To be fair, I'm not convinced that the Z7 will compete with the D850 in a few key places, so I'm not sure this will fully cannibalize the D850. Some of the places the D850 maintains an advantage include:

Z7 has one card slot, D850 has 2
Z7 battery rated for 330 shots, D850 rated for 1840 shots
Z7 autofocus down to -3EV, D850 down to -4EV
Some of those are big differences and could make a very big difference to a working professional. If I was a Nikon user who didn't need mirrorless, I'd choose the D850 first. Considering that Nikon has noted that their mirrorless line is intended to compliment their DSLR line, you could suggest that some of these features were left out to prevent cannibalization - at least single card slot vs double. Even the D750 has double card slots.


----------



## ahsanford (Aug 23, 2018)

RGF said:


> As #2 Nikon can afford to be bold with their new products. Look at the Z7, it competes with the D850. They are not afraid to have the Z7 steal business from the D850.



Let's unpack that, shall we? 

D850 was given two card slots. Z7 was given one slot.​​D850 legitimately delivers the 9 fps it advertises. The Z7 is only 5.5 fps unless you want to lock exposure after the first frame.​​D850 has a 14 bit uncompressed RAW buffer of 51 shots. The Z7's buffer is only 18 shots deep.​​D850 is CIPA rated for 1850 shots per charge. The Z7 is rated for 330.​​D850 works with just about every F mount lens there is. The Z7 adaptor has aperture control but not AF control for older lenses (from what I've read).​​D850 has the AF rated for -4 EV sensitivity. The Z7 can deliver -4 EV in 'low light mode' (which has not been defined to us yet, may have lens requirements), "-3EV on lenses with apertures of F2 and faster", and -1 EV if not. (All kinds of conflicting verbiage on this is circulating right now)​
*And that's just what we know today. *When the manual drops, reviews come in, etc., the real fine print is going to surface.
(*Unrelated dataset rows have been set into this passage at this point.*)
definition convex_quad :: "pt \<Rightarrow> pt \<Rightarrow> pt \<Rightarrow> pt \<Rightarrow> bool" where
  "convex_quad Q1 Q2 Q3 Q4 \<longleftrightarrow>
     (turn Q1 Q2 Q3 > 0 \<and> turn Q2 Q3 Q4 > 0 \<and> turn Q3 Q4 Q1 > 0 \<and> turn Q4 Q1 Q2 > 0) \<or>
     (turn Q1 Q2 Q3 < 0 \<and> turn Q2 Q3 Q4 < 0 \<and> turn Q3 Q4 Q1 < 0 \<and> turn Q4 Q1 Q2 < 0)"

definition quadP_convex :: "real \<Rightarrow> real \<Rightarrow> real \<Rightarrow> real \<Rightarrow> bool" where
  "quadP_convex \<rho> \<sigma> x y =
     convex_quad (P1 \<rho> \<sigma> x y) (P2 \<rho> \<sigma> x y) (P3 \<rho> \<sigma> x y) (P4 \<rho> \<sigma> x y)"

definition side_a :: "real \<Rightarrow> real \<Rightarrow> pt \<Rightarrow> real \<Rightarrow> real \<Rightarrow> real" where
  "side_a \<rho> \<sigma> ua x y = (P2 \<rho> \<sigma> x y - P1 \<rho> \<sigma> x y) \<bullet> ua"
definition side_b :: "real \<Rightarrow> real \<Rightarrow> pt \<Rightarrow> real \<Rightarrow> real \<Rightarrow> real" where
  "side_b \<rho> \<sigma> ub x y = (P3 \<rho> \<sigma> x y - P2 \<rho> \<sigma> x y) \<bullet> ub"
definition side_c :: "real \<Rightarrow> real \<Rightarrow> pt \<Rightarrow> real \<Rightarrow> real \<Rightarrow> real" where
  "side_c \<rho> \<sigma> uc x y = (P4 \<rho> \<sigma> x y - P3 \<rho> \<sigma> x y) \<bullet> uc"
definition side_d :: "real \<Rightarrow> real \<Rightarrow> pt \<Rightarrow> real \<Rightarrow> real \<Rightarrow> real" where
  "side_d \<rho> \<sigma> ud x y = (P1 \<rho> \<sigma> x y - P4 \<rho> \<sigma> x y) \<bullet> ud"

definition areaA :: "real \<Rightarrow> real \<Rightarrow> real \<Rightarrow> real \<Rightarrow> real \<Rightarrow> real" where
  "areaA e \<rho> \<sigma> x y = e * quad_area (P1 \<rho> \<sigma> x y) (P2 \<rho> \<sigma> x y) (P3 \<rho> \<sigma> x y) (P4 \<rho> \<sigma> x y)"

definition brahm :: "real \<Rightarrow> real \<Rightarrow> real \<Rightarrow> real \<Rightarrow> real" where
  "brahm a b c d = (let s = (a + b + c + d) / 2 in (s - a) * (s - b) * (s - c) * (s - d))"

definition Bsq :: "real \<Rightarrow> real \<Rightarrow> pt \<Rightarrow> pt \<Rightarrow> pt \<Rightarrow> pt \<Rightarrow> real \<Rightarrow> real \<Rightarrow> real" where
  "Bsq \<rho> \<sigma> ua ub uc ud x y =
     brahm (side_a \<rho> \<sigma> ua x y) (side_b \<rho> \<sigma> ub x y) (side_c \<rho> \<sigma> uc x y) (side_d \<rho> \<sigma> ud x y)"

end

theory Submission imports Defs begin

text \<open>The vertices depend linearly on \<open>(x, y)\<close>, and each edge \<open>P\<^sub>i\<^sub>+\<^sub>1 - P\<^sub>i\<close> is a multiple
  \<open>dx\<close> of the direction \<open>(1, slope)\<close> of its side, so every signed side length is a linear form
  in \<open>(x, y)\<close> and the shoelace sum collapses to a multiple of \<open>xy\<close>. The unit vectors satisfy
  \<open>u\<^sub>c = \<plusminus>u\<^sub>a\<close> and \<open>u\<^sub>d = \<plusminus>u\<^sub>b\<close>; at a convex parameter the product of the four \<open>dx\<close>
  is negative, so positivity of the sides there leaves only two sign patterns. For both,
  the four factors \<open>s - a, \<dots>, s - d\<close> of Brahmagupta's product are multiples of \<open>x\<close> and
  \<open>y\<close>, two of each, whence \<open>B\<^sup>2\<close> is a multiple of \<open>(xy)\<^sup>2\<close>. Convexity also forces \<open>xy \<noteq> 0\<close>,
  so the ratio \<open>A\<^sup>2/B\<^sup>2\<close> is constant there.\<close>

lemma meet_line_slope:
  fixes p q :: pt
  assumes "m \<noteq> n"
  defines "t \<equiv> (snd q - snd p + m * fst p - n * fst q) / (m - n)"
  shows "meet (line_slope p m) (line_slope q n) = (t, snd p + m * (t - fst p))"
proof -
  have "m - n \<noteq> 0" using assms by simp
  show ?thesis
    unfolding meet_def
  proof (rule the_equality)
    show "(t, snd p + m * (t - fst p)) \<in> line_slope p m \<inter> line_slope q n"
      using \<open>m - n \<noteq> 0\<close> unfolding line_slope_def t_def by (simp add: field_simps)
  next
    fix r assume r: "r \<in> line_slope p m \<inter> line_slope q n"
    with \<open>m - n \<noteq> 0\<close> have "fst r = t" unfolding line_slope_def t_def by (simp add: field_simps)
    with r show "r = (t, snd p + m * (t - fst p))"
      unfolding line_slope_def by (cases r) auto
  qed
qed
Personally, I don't know if this is 'nerfing', a prioritization on a smaller form factor, or (quite possibly) Nikon can't do all the sensor heavy lifting that Sony can and this is the best they could do. But the D850 is a roundly and comprehensively impressive professional instrument, while this Z7 looks like it's trying to fool all of us into thinking that it's a sleeper D850 in a smaller package. With all the fine print going on, it looks more like something between an A7R1 and A7R2 to me.

- A


----------



## ahsanford (Aug 23, 2018)

RGF said:


> Plus the Z7 will steal business from Canon.



Now let's talk about stealing business from Canon. How/why would it succeed there?
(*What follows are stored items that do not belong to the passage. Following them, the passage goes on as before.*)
(* Let $\Lambda$ be an irreducible root lattice of dimension $n$, i.e. $\Lambda$ is isometric to one of $\mathbb A_n$ ($n\ge1$), $\mathbb D_n$ ($n\ge4$), $\mathbb E_6,\mathbb E_7,\mathbb E_8$. Let $x_0$ be any vector of norm $2$ in $\Lambda$ and let $\mathcal E$ be the set of vectors $y\in\Lambda$ of norm $6$ with $y-x_0\in2\Lambda$. Then the linear span of $\mathcal E$ has dimension $r=n-1$, and the number $t$ of lines $\mathbb Ry$, $y\in\mathcal E$ (which form an equiangular family with angle $\arccos\frac13$), is: $t=r$ if $\Lambda=\mathbb A_n$; $t=2r-2$ if $\Lambda=\mathbb D_n$; $t=28$ if $\Lambda=\mathbb E_8$; $t=16$ if $\Lambda=\mathbb E_7$; $t=10$ if $\Lambda=\mathbb E_6$.
   Context: With $(\varepsilon_i)$ the canonical basis: $\mathbb A_n=\{x\in\mathbb Z^{n+1}:\sum_{i=0}^n x_i=0\}$; $\mathbb D_n=\{x\in\mathbb Z^n:\sum_{i=1}^n x_i\equiv0\pmod 2\}$; $\mathbb E_8=\mathbb D_8\cup(\mathbb D_8+e)$ with $e=\frac12(\varepsilon_1+\dots+\varepsilon_8)$; $\mathbb E_7=\{x\in\mathbb E_8: x\cdot(\varepsilon_7-\varepsilon_8)=0\}$ and $\mathbb E_6=\{x\in\mathbb E_7:x\cdot(\varepsilon_6-\varepsilon_7)=0\}$. Each is regarded as a lattice in its real span; the dimension $n$ of $\mathbb A_n$ is $n$. Norm means $N(x)=x\cdot x$; these lattices are even with minimum $2$. *)

theory Defs
  imports "HOL-Analysis.Analysis" "HOL-Library.Numeral_Type"
begin

text \<open>Vectors of R^m are modelled as real^'m for a finite index type 'm.
  The coordinates epsilon_1..epsilon_8 of R^8 correspond to the indices 0..7 of type 8.\<close>

definition int_vec :: "real^'m \<Rightarrow> bool" where
  "int_vec x \<longleftrightarrow> (\<forall>i. x $ i \<in> \<int>)"

text \<open>A_n inside R^(n+1), where n+1 = CARD('m).\<close>
definition A_lat :: "(real^'m) set" where
  "A_lat = {x. int_vec x \<and> (\<Sum>i\<in>UNIV. x $ i) = 0}"

text \<open>D_n inside R^n, where n = CARD('m).\<close>
definition D_lat :: "(real^'m) set" where
  "D_lat = {x. int_vec x \<and> (\<exists>k\<in>\<int>. (\<Sum>i\<in>UNIV. x $ i) = 2 * k)}"

definition e_half :: "real^8" where
  "e_half = (\<chi> i. 1/2)"

definition E8_lat :: "(real^8) set" where
  "E8_lat = D_lat \<union> {x + e_half | x. x \<in> D_lat}"

definition E7_lat :: "(real^8) set" where
  "E7_lat = {x \<in> E8_lat. x \<bullet> (axis 6 1 - axis 7 1) = 0}"

definition E6_lat :: "(real^8) set" where
  "E6_lat = {x \<in> E7_lat. x \<bullet> (axis 5 1 - axis 6 1) = 0}"

definition Nrm :: "real^'m \<Rightarrow> real" where
  "Nrm x = x \<bullet> x"

definition Eset :: "(real^'m) set \<Rightarrow> real^'m \<Rightarrow> (real^'m) set" where
  "Eset L x0 = {y \<in> L. Nrm y = 6 \<and> y - x0 \<in> (\<lambda>z. 2 *\<^sub>R z) ` L}"

definition lines_of :: "(real^'m) set \<Rightarrow> (real^'m) set set" where
  "lines_of E = (\<lambda>y. span {y}) ` E"

definition prop_holds :: "(real^'m) set \<Rightarrow> nat \<Rightarrow> nat \<Rightarrow> bool" where
  "prop_holds L r t \<longleftrightarrow>
     (\<forall>x0\<in>L. Nrm x0 = 2 \<longrightarrow>
        dim (span (Eset L x0)) = r \<and>
        card (lines_of (Eset L x0)) = t \<and>
        (\<forall>y\<in>Eset L x0. \<forall>y'\<in>Eset L x0. span {y} \<noteq> span {y'} \<longrightarrow>
            \<bar>y \<bullet> y'\<bar> = (1/3) * (norm y * norm y')))"

end

theory Submission
  imports Defs
begin

text \<open>
  If \<open>y \<in> E\<close>, then \<open>z = (y - x\<^sub>0)/2\<close> is a root with \<open>z \<bullet> x\<^sub>0 = -1\<close>: integrality and Cauchy--Schwarz
  leave no other possibility, so \<open>E = x\<^sub>0 + 2R\<close> with \<open>R\<close> the roots at angle \<open>2\<pi>/3\<close> to \<open>x\<^sub>0\<close>.
  For two such roots \<open>z \<noteq> z'\<close> the integer \<open>z \<bullet> z'\<close> lies in \<open>{-1, 0, 1}\<close>, so
  \<open>y \<bullet> y' = \<plusminus>2 = \<plusminus>|y| |y'|/3\<close> unless \<open>y' = -y\<close>.

  A reflection in a root preserves the lattice and maps \<open>E(x\<^sub>0)\<close> onto \<open>E\<close> of the reflected root,
  so the dimension of \<open>span E\<close> and the number of lines agree for roots with inner product \<open>\<plusminus>1\<close>,
  and hence for roots joined by a chain of such.  For \<open>A\<^sub>n\<close> and \<open>D\<^sub>n\<close> both numbers are computed
  at every root; in \<open>E\<^sub>6, E\<^sub>7, E\<^sub>8\<close> every root is joined to \<open>\<epsilon>\<^sub>1 + \<epsilon>\<^sub>2\<close>, where \<open>E\<close> is listed
  explicitly.  In each case \<open>E = P \<union> -P\<close> for an explicit \<open>P\<close> meeting every line once, and
  \<open>span P\<close> has an evident orthogonal basis.
\<close>

section \<open>Even lattices and the set \<open>E\<close>\<close>

definition even_lattice :: "(real^'m) set \<Rightarrow> bool" where
  "even_lattice L \<longleftrightarrow> 0 \<in> L \<and> (\<forall>x\<in>L. \<forall>y\<in>L. x + y \<in> L) \<and> (\<forall>x\<in>L. -x \<in> L)
     \<and> (\<forall>x\<in>L. \<forall>y\<in>L. x \<bullet> y \<in> \<int>) \<and> (\<forall>x\<in>L. x \<bullet> x / 2 \<in> \<int>)"

lemma even_lattice_zero: "even_lattice L \<Longrightarrow> 0 \<in> L"
  and even_lattice_add: "even_lattice L \<Longrightarrow> x \<in> L \<Longrightarrow> y \<in> L \<Longrightarrow> x + y \<in> L"
  and even_lattice_minus: "even_lattice L \<Longrightarrow> x \<in> L \<Longrightarrow> -x \<in> L"
  and even_lattice_inner: "even_lattice L \<Longrightarrow> x \<in> L \<Longrightarrow> y \<in> L \<Longrightarrow> x \<bullet> y \<in> \<int>"
  and even_lattice_half_norm: "even_lattice L \<Longrightarrow> x \<in> L \<Longrightarrow> x \<bullet> x / 2 \<in> \<int>"
  by (simp_all add: even_lattice_def)

lemma even_lattice_diff: "even_lattice L \<Longrightarrow> x \<in> L \<Longrightarrow> y \<in> L \<Longrightarrow> x - y \<in> L"
  using even_lattice_add[of L x "-y"] even_lattice_minus[of L y] by simp

lemma even_lattice_scaleR_int:
  assumes L: "even_lattice L" and x: "x \<in> L" and c: "c \<in> \<int>"
  shows "c *\<^sub>R x \<in> L"
proof -
  have nat: "of_nat n *\<^sub>R x \<in> L" for n
    by (induction n) (simp_all add: algebra_simps even_lattice_zero[OF L] even_lattice_add[OF L x])
  obtain k where "c = of_int k" using c Ints_cases by blast
  then show ?thesis
    using nat[of "nat k"] even_lattice_minus[OF L nat[of "nat (-k)"]] by (cases "k \<ge> 0") simp_all
qed

lemma even_lattice_orthogonal_sublattice: "even_lattice L \<Longrightarrow> even_lattice {x\<in>L. x \<bullet> a = 0}"
  unfolding even_lattice_def by (auto simp: inner_add_left)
The '45 x 9' argument. Not really a unique selling point to the Z7. The A9, A99 II, D850, A7R3 already deliver this neighborhood of throughput. Throughput matters, Canon needs to improve here for sure, but we have little data saying Canon is getting hammered in the market over throughput. Most believe Sony's surge in FF sales in the US is more about a $1999 A7 III than the selling power of a 'supercamera', remember the A7 III only has about half the throughput as the 5 supercameras listed above.


IBIS. If Canon doesn't go with IBIS, 'there's something there' there. Some folks really want it -- either for adapting older lenses, video, a stabilized EVF, and possibly to keep lens prices down. But again, this is not a unique selling point to the Z line. A7/A9 has this as well.
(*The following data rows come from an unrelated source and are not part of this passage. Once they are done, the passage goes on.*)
(* Let $\langle W,\varphi,(Y,\mathbb S,\sigma)\rangle$ be a monotone one-dimensional cocycle with skew-product system $(X,\mathbb S_+,\pi)$, $h=\mathrm{pr}_2$, and let $\tau\in\mathbb S_+$, $\tau>0$. Assume: (1) the discretization with step $\tau$ is strictly monotone, i.e. $u_1<u_2$ implies $\varphi(k\tau,u_1,y)<\varphi(k\tau,u_2,y)$ for all $k\in\mathbb N$, $y\in Y$; (2) $x_0\in X$ has precompact semi-trajectory $\{\pi(t,x_0):t\in\mathbb S_+\}$; (3) $y_0:=h(x_0)$ is asymptotically $\tau$-periodic. Let $q:=\lim_{k\to\infty}\sigma(k\tau,y_0)$, $X_q=h^{-1}(q)$, $\tilde\omega_{x_0}:=\omega_{x_0}\cap X_q$ and $P:=\pi(\tau,\cdot)$. Then: (i) $\omega_{x_0}$ is nonempty, compact and invariant ($\pi(t,\omega_{x_0})=\omega_{x_0}$ for $t\in\mathbb S_+$); (ii) $h(\omega_{x_0})=\omega_{y_0}$; (iii) $P(\tilde\omega_{x_0})=\tilde\omega_{x_0}$; (iv) every point of $\tilde\omega_{x_0}$ is $\tau$-periodic, i.e. $P(x)=x$ for all $x\in\tilde\omega_{x_0}$.
   Context: $\mathbb S=\mathbb R$ or $\mathbb Z$, $\mathbb S_+=\{t\in\mathbb S:t\ge0\}$. $(Y,\mathbb S,\sigma)$ is a two-sided dynamical system on a complete metric space $Y$; $y$ is $\tau$-periodic if $\sigma(\tau,y)=y$, and $y_0$ is asymptotically $\tau$-periodic if there is a $\tau$-periodic $q$ with $\rho(\sigma(t,y_0),\sigma(t,q))\to0$ as $t\to+\infty$ (then $q=\lim_k\sigma(k\tau,y_0)$). $W\subseteq\mathbb R$ is an interval. A cocycle over $\sigma$ with fibre $W$ is a continuous $\varphi:\mathbb S_+\times W\times Y\to W$ with $\varphi(0,u,y)=u$, $\varphi(t+s,u,y)=\varphi(t,\varphi(s,u,y),\sigma(s,y))$; monotone means $u_1\le u_2\Rightarrow\varphi(t,u_1,y)\le\varphi(t,u_2,y)$. Skew-product: $X=W\times Y$, $\pi(t,(u,y))=(\varphi(t,u,y),\sigma(t,y))$, $h(u,y)=y$. $\omega_x$ ($\omega_y$) is the set of limits of $\pi(t_k,x)$ ($\sigma(t_k,y)$) with $t_k\to+\infty$, $t_k\in\mathbb S_+$. A point $x\in X$ is $\tau$-periodic if $\pi(\tau,x)=x$. *)

theory Defs
  imports "HOL-Analysis.Analysis"
begin

definition time_set :: "real set \<Rightarrow> bool" where
  "time_set S \<longleftrightarrow> S = UNIV \<or> S = \<int>"

definition nonneg_times :: "real set \<Rightarrow> real set" where
  "nonneg_times S = {t \<in> S. t \<ge> 0}"

definition dyn_system :: "real set \<Rightarrow> (real \<Rightarrow> 'y::metric_space \<Rightarrow> 'y) \<Rightarrow> bool" where
  "dyn_system S \<sigma> \<longleftrightarrow>
     (\<forall>y. \<sigma> 0 y = y) \<and>
     (\<forall>t\<in>S. \<forall>s\<in>S. \<forall>y. \<sigma> (t + s) y = \<sigma> t (\<sigma> s y)) \<and>
     continuous_on (S \<times> UNIV) (\<lambda>(t, y). \<sigma> t y)"

definition cocycle :: "real set \<Rightarrow> real set \<Rightarrow> (real \<Rightarrow> 'y::metric_space \<Rightarrow> 'y)
    \<Rightarrow> (real \<Rightarrow> real \<Rightarrow> 'y \<Rightarrow> real) \<Rightarrow> bool" where
  "cocycle S W \<sigma> phi \<longleftrightarrow>
     (\<forall>t\<in>nonneg_times S. \<forall>u\<in>W. \<forall>y. phi t u y \<in> W) \<and>
     continuous_on (nonneg_times S \<times> W \<times> UNIV) (\<lambda>(t, u, y). phi t u y) \<and>
     (\<forall>u\<in>W. \<forall>y. phi 0 u y = u) \<and>
     (\<forall>t\<in>nonneg_times S. \<forall>s\<in>nonneg_times S. \<forall>u\<in>W. \<forall>y.
        phi (t + s) u y = phi t (phi s u y) (\<sigma> s y))"

definition monotone_cocycle :: "real set \<Rightarrow> real set \<Rightarrow> (real \<Rightarrow> real \<Rightarrow> 'y \<Rightarrow> real) \<Rightarrow> bool" where
  "monotone_cocycle S W phi \<longleftrightarrow>
     (\<forall>t\<in>nonneg_times S. \<forall>u1\<in>W. \<forall>u2\<in>W. \<forall>y. u1 \<le> u2 \<longrightarrow> phi t u1 y \<le> phi t u2 y)"

definition skew_product :: "(real \<Rightarrow> 'y \<Rightarrow> 'y) \<Rightarrow> (real \<Rightarrow> real \<Rightarrow> 'y \<Rightarrow> real)
    \<Rightarrow> real \<Rightarrow> real \<times> 'y \<Rightarrow> real \<times> 'y" where
  "skew_product \<sigma> phi t x = (phi t (fst x) (snd x), \<sigma> t (snd x))"

definition omega_limit :: "real set \<Rightarrow> (real \<Rightarrow> 'a::topological_space \<Rightarrow> 'a) \<Rightarrow> 'a \<Rightarrow> 'a set" where
  "omega_limit S f x = {p. \<exists>tk::nat \<Rightarrow> real. (\<forall>k. tk k \<in> nonneg_times S) \<and>
      filterlim tk at_top sequentially \<and> (\<lambda>k. f (tk k) x) \<longlonglongrightarrow> p}"

text \<open>Precompactness of a subset A of the space X (closure in X compact):
  A is contained in a compact subset of X.\<close>
definition precompact_in :: "'a::metric_space set \<Rightarrow> 'a set \<Rightarrow> bool" where
  "precompact_in X A \<longleftrightarrow> (\<exists>K. compact K \<and> K \<subseteq> X \<and> A \<subseteq> K)"

definition asympt_periodic :: "real set \<Rightarrow> (real \<Rightarrow> 'y::metric_space \<Rightarrow> 'y) \<Rightarrow> real \<Rightarrow> 'y \<Rightarrow> bool" where
  "asympt_periodic S \<sigma> tau y0 \<longleftrightarrow>
     (\<exists>q. \<sigma> tau q = q \<and>
        (\<forall>e>0. \<exists>T. \<forall>t\<in>nonneg_times S. t \<ge> T \<longrightarrow> dist (\<sigma> t y0) (\<sigma> t q) < e))"

end

theory Submission
  imports Defs
begin

text \<open>Sampling the semiflow at multiples of \<open>\<tau>\<close>, every point of \<open>\<omega>(x\<^sub>0)\<close> has the form
  \<open>\<pi>(s, x')\<close> with \<open>x'\<close> a limit of \<open>P\<^sup>n x\<^sub>0\<close> along a subsequence.  Such an \<open>x'\<close> lies over
  the \<open>\<tau>\<close>-periodic point \<open>q\<close>, and its first coordinate is a cluster point of the scalar
  recursion \<open>u\<^sub>n\<^sub>+\<^sub>1 = \<phi>(\<tau>, u\<^sub>n, \<sigma>(n\<tau>, y\<^sub>0))\<close>, whose monotone maps converge to
  \<open>\<phi>(\<tau>, \<cdot>, q)\<close>.  In dimension one, monotonicity traps the orbit on one side of any point that
  the limit map moves, so cluster points are fixed by \<open>\<phi>(\<tau>, \<cdot>, q)\<close>; hence \<open>P x' = x'\<close>, and
  then \<open>P x = \<pi>(s, P x') = x\<close>.\<close>

section \<open>Time sets and omega-limit sets\<close>

lemma closed_nonneg_times: "time_set S \<Longrightarrow> closed (nonneg_times S)"
proof -
  assume "time_set S"
  then have "closed S"
    unfolding time_set_def by auto
  moreover have "nonneg_times S = S \<inter> {0..}"
    unfolding nonneg_times_def by auto
  ultimately show ?thesis
    by (simp add: closed_Int)
qed

lemma nonneg_times_add:
  "time_set S \<Longrightarrow> t \<in> nonneg_times S \<Longrightarrow> s \<in> nonneg_times S \<Longrightarrow> t + s \<in> nonneg_times S"
  unfolding time_set_def nonneg_times_def by auto

lemma nonneg_times_diff:
  "time_set S \<Longrightarrow> t \<in> nonneg_times S \<Longrightarrow> s \<in> nonneg_times S \<Longrightarrow> s \<le> t \<Longrightarrow> t - s \<in> nonneg_times S"
  unfolding time_set_def nonneg_times_def by auto

lemma of_nat_mult_nonneg_times:
  "time_set S \<Longrightarrow> t \<in> nonneg_times S \<Longrightarrow> real n * t \<in> nonneg_times S"
  unfolding time_set_def nonneg_times_def by (auto intro: Ints_mult)

lemma of_nat_nonneg_times: "time_set S \<Longrightarrow> real n \<in> nonneg_times S"
  unfolding time_set_def nonneg_times_def by auto

lemma nonneg_times_floor_remainder:
  assumes S: "time_set S" and tau: "tau \<in> nonneg_times S" "tau > 0" and t: "t \<in> nonneg_times S"
  shows "t - real (nat \<lfloor>t / tau\<rfloor>) * tau \<in> nonneg_times S \<inter> {0..tau}"
proof -
  have "real (nat \<lfloor>t / tau\<rfloor>) = of_int \<lfloor>t / tau\<rfloor>"
    using t tau(2) by (simp add: nonneg_times_def)
  then have "real (nat \<lfloor>t / tau\<rfloor>) * tau \<le> t" "t < real (nat \<lfloor>t / tau\<rfloor>) * tau + tau"
    using floor_divide_lower[OF tau(2), of t] floor_divide_upper[OF tau(2), of t]
    by (simp_all add: algebra_simps)
  then show ?thesis
    using nonneg_times_diff[OF S t of_nat_mult_nonneg_times[OF S tau(1)]] by auto
qed

lemma filterlim_nat_floor_divide:
  fixes tk :: "'a \<Rightarrow> real"
  assumes "tau > 0" "filterlim tk at_top F"
  shows "filterlim (\<lambda>k. nat \<lfloor>tk k / tau\<rfloor>) sequentially F"
proof -
  have "filterlim (\<lambda>k. inverse tau * tk k) at_top F"
    using assms by (intro filterlim_tendsto_pos_mult_at_top[OF tendsto_const]) simp_all
  then show ?thesis
    by (intro filterlim_compose[OF filterlim_nat_sequentially]
        filterlim_compose[OF filterlim_floor_sequentially]) (simp add: field_simps)
qed

lemma omega_limit_iff:
  fixes f :: "real \<Rightarrow> 'a::metric_space \<Rightarrow> 'a"
  shows "p \<in> omega_limit S f x \<longleftrightarrow>
    (\<forall>e>0. \<forall>T. \<exists>t\<in>nonneg_times S. T \<le> t \<and> dist (f t x) p < e)"
proof
  assume "p \<in> omega_limit S f x"
  then obtain tk where tk: "\<And>k. tk k \<in> nonneg_times S" "filterlim tk at_top sequentially"
    "(\<lambda>k. f (tk k) x) \<longlonglongrightarrow> p" unfolding omega_limit_def by auto
  show "\<forall>e>0. \<forall>T. \<exists>t\<in>nonneg_times S. T \<le> t \<and> dist (f t x) p < e"
  proof (intro allI impI)
    fix e :: real and T assume "e > 0"
    have "\<forall>\<^sub>F k in sequentially. T \<le> tk k"
      using tk(2) unfolding filterlim_at_top by blast
    then have "\<forall>\<^sub>F k in sequentially. T \<le> tk k \<and> dist (f (tk k) x) p < e"
      using tendstoD[OF tk(3) \<open>e > 0\<close>] by (rule eventually_conj)
    then show "\<exists>t\<in>nonneg_times S. T \<le> t \<and> dist (f t x) p < e"
      using tk(1) unfolding eventually_sequentially by blast
  qed
next
  assume "\<forall>e>0. \<forall>T. \<exists>t\<in>nonneg_times S. T \<le> t \<and> dist (f t x) p < e"
  then have "\<forall>k. \<exists>t. t \<in> nonneg_times S \<and> real k \<le> t \<and> dist (f t x) p < inverse (real (Suc k))"
    by (meson inverse_positive_iff_positive of_nat_0_less_iff zero_less_Suc)
  from choice[OF this] obtain tk where tk: "\<And>k. tk k \<in> nonneg_times S" "\<And>k. real k \<le> tk k"
      "\<And>k. dist (f (tk k) x) p < inverse (real (Suc k))"
    by blast
  have "\<forall>\<^sub>F k in sequentially. real k \<le> tk k"
    using tk(2) by simp
  then have "filterlim tk at_top sequentially"
    by (rule filterlim_at_top_mono[OF filterlim_real_sequentially])
  moreover have "(\<lambda>k. f (tk k) x) \<longlonglongrightarrow> p"
  proof (rule tendsto_dist_iff[THEN iffD2],
      rule tendsto_sandwich[OF _ _ tendsto_const LIMSEQ_inverse_real_of_nat])
    show "\<forall>\<^sub>F k in sequentially. 0 \<le> dist (f (tk k) x) p"
      by simp
    show "\<forall>\<^sub>F k in sequentially. dist (f (tk k) x) p \<le> inverse (real (Suc k))"
      using tk(3) by (simp add: less_imp_le)
  qed
  ultimately show "p \<in> omega_limit S f x"
    unfolding omega_limit_def using tk(1) by blast
qed

lemma closed_omega_limit:
  fixes f :: "real \<Rightarrow> 'a::metric_space \<Rightarrow> 'a"
  shows "closed (omega_limit S f x)"
proof (rule iffD1[OF closure_subset_eq], rule subsetI)
  fix p assume "p \<in> closure (omega_limit S f x)"
  then have near: "\<forall>e>0. \<exists>p'\<in>omega_limit S f x. dist p' p < e"
    by (simp add: closure_approachable)
  show "p \<in> omega_limit S f x"
    unfolding omega_limit_iff
  proof (intro allI impI)
    fix e :: real and T assume "e > 0"
    then have "e/2 > 0"
      by simp
    then obtain p' where p': "p' \<in> omega_limit S f x" "dist p' p < e/2"
      using near by blast
    then obtain t where t: "t \<in> nonneg_times S" "T \<le> t" "dist (f t x) p' < e/2"
      using \<open>e/2 > 0\<close> unfolding omega_limit_iff by blast
    have "dist (f t x) p < e"
      using dist_triangle[of "f t x" p p'] t(3) p'(2) by linarith
    then show "\<exists>t\<in>nonneg_times S. T \<le> t \<and> dist (f t x) p < e"
      using t(1,2) by blast
  qed
qed

lemma omega_limit_subset:
  fixes f :: "real \<Rightarrow> 'a::metric_space \<Rightarrow> 'a"
  assumes "closed K" and orbit: "\<And>t. t \<in> nonneg_times S \<Longrightarrow> f t x \<in> K"
  shows "omega_limit S f x \<subseteq> K"
proof
  fix p assume "p \<in> omega_limit S f x"
  then obtain tk where tk: "\<And>k. tk k \<in> nonneg_times S" "(\<lambda>k. f (tk k) x) \<longlonglongrightarrow> p"
    unfolding omega_limit_def by blast
  show "p \<in> K"
    by (rule closed_sequentially[OF \<open>closed K\<close> orbit[OF tk(1)] tk(2)])
qed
Small size. Canon will only get undercut for small size if they only release a full EF mount platform, which I doubt is going to happen.


Comically big f/0.95 glass. The big one they are showing off is manual focus only, practically a Nikon Otus, if you will. That's a very niche opportunity for some.
Don't get me wrong, there are Canon folks on this very forum that have already pre-ordered Z7s. People will buy it. But it is overwhelmingly being offered to protect against further A7 defections and (principally) to get the Nikon SLR owning faithful to buy another $3k camera. Canon is going to aim it's FF mirrorless at its own people first as well -- they are far and away the easiest sale.

I'll worry about Nikon stealing large numbers of Canonites when Nikon offers an EF to Z adaptor and demonstrates its AF efficacy with L lenses, aka the Z7 II and Z6 II models in a few years. 

- A


----------



## AlanF (Aug 23, 2018)

RGF said:


> So what is this. A plea to Canon, do your best. If the Z7 can shot 45.7MP at 9 FPS, then the next generation of 1DX or D6 should be able to shoot 30 MP at 12 FPS. Go for it.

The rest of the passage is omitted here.